**Data items**
(* Let $k_0\ge1$, $(\pi^0,P^0)\in\Theta^{k_0}$, and for each $n$ let $\mathbf x_{n\times n}$ be the network part of a sample of size $n$ from the SBM with parameters $(\pi^0,P^0)$, this SBM having order $k_0$. Then $\hat k_{\mathrm{KT}}(\mathbf x_{n\times n})\notin(n,\infty)$ eventually almost surely as $n\to\infty$.
   Context: An adjacency matrix on $n$ nodes is a symmetric $\mathbf{x}\in\{0,1\}^{n\times n}$ with zero diagonal. For $k\ge1$ let $\Theta^k=\{(\pi,P):\pi\in(0,1]^k,\ \sum_{a=1}^k\pi_a=1,\ P\in[0,1]^{k\times k}\text{ symmetric}\}$, $[k]=\{1,\dots,k\}$. For $(\pi,P)\in\Theta^k$ the SBM is the law of $(\mathbf Z_n,\mathbf X_{n\times n})$, $\mathbf Z_n\in[k]^n$, with $\mathbb P_{\pi,P}(\mathbf z_n,\mathbf x)=\prod_{a=1}^k\pi_a^{n_a}\prod_{a,b=1}^kP_{a,b}^{O_{a,b}/2}(1-P_{a,b})^{(n_{a,b}-O_{a,b})/2}$ ($0^0=1$), $n_a=\sum_i 1\{z_i=a\}$, $n_{a,b}=n_an_b$ ($a\ne b$), $n_{a,a}=n_a(n_a-1)$, $O_{a,b}=\sum_{i,j}1\{z_i=a,z_j=b\}x_{ij}$; $\mathbb P_{\pi,P}(\mathbf x)=\sum_{\mathbf z_n\in[k]^n}\mathbb P_{\pi,P}(\mathbf z_n,\mathbf x)$. The order of an SBM is the smallest $k$ for which its law can be written in this form with parameters in $\Theta^k$. KT prior: $\nu_k(\pi,P)=\Big[\frac{\Gamma(k/2)}{\Gamma(1/2)^k}\prod_{a}\pi_a^{-1/2}\Big]\Big[\prod_{1\le a\le b\le k}\frac{1}{\Gamma(1/2)^2}P_{a,b}^{-1/2}(1-P_{a,b})^{-1/2}\Big]$; $\mathrm{KT}_k(\mathbf x)=\int_{\Theta^k}\mathbb P_{\pi,P}(\mathbf x)\nu_k(\pi,P)\,d\pi\,dP$. Estimator: $\hat k_{\mathrm{KT}}(\mathbf x)=\arg\max_{k\ge1}\{\log\mathrm{KT}_k(\mathbf x)-\mathrm{pen}(k,n)\}$, $\mathrm{pen}(k,n)=\sum_{i=1}^{k-1}\frac{i(i+2)+3+\epsilon}{2}\log n$ for fixed $\epsilon>0$. "Eventually almost surely" means: with probability one, for all sufficiently large $n$. *)

theory Defs
  imports "HOL-Probability.Probability"
begin

text \<open>Power with the convention 0^0 = 1 (Isabelle's powr has 0 powr 0 = 0).\<close>
definition pw :: "real \<Rightarrow> real \<Rightarrow> real" where
  "pw b e = (if e = 0 then 1 else b powr e)"

definition adj_matrix :: "nat \<Rightarrow> (nat \<Rightarrow> nat \<Rightarrow> bool) \<Rightarrow> bool" where
  "adj_matrix n x \<longleftrightarrow> (\<forall>i<n. \<forall>j<n. x i j = x j i) \<and> (\<forall>i<n. \<not> x i i)"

**BRIEF**
What lines of the preceding data include the string "powr"? Pull them out.

**WRITTEN SOLUTION**
text \<open>Power with the convention 0^0 = 1 (Isabelle's powr has 0 powr 0 = 0).\<close>
  "pw b e = (if e = 0 then 1 else b powr e)"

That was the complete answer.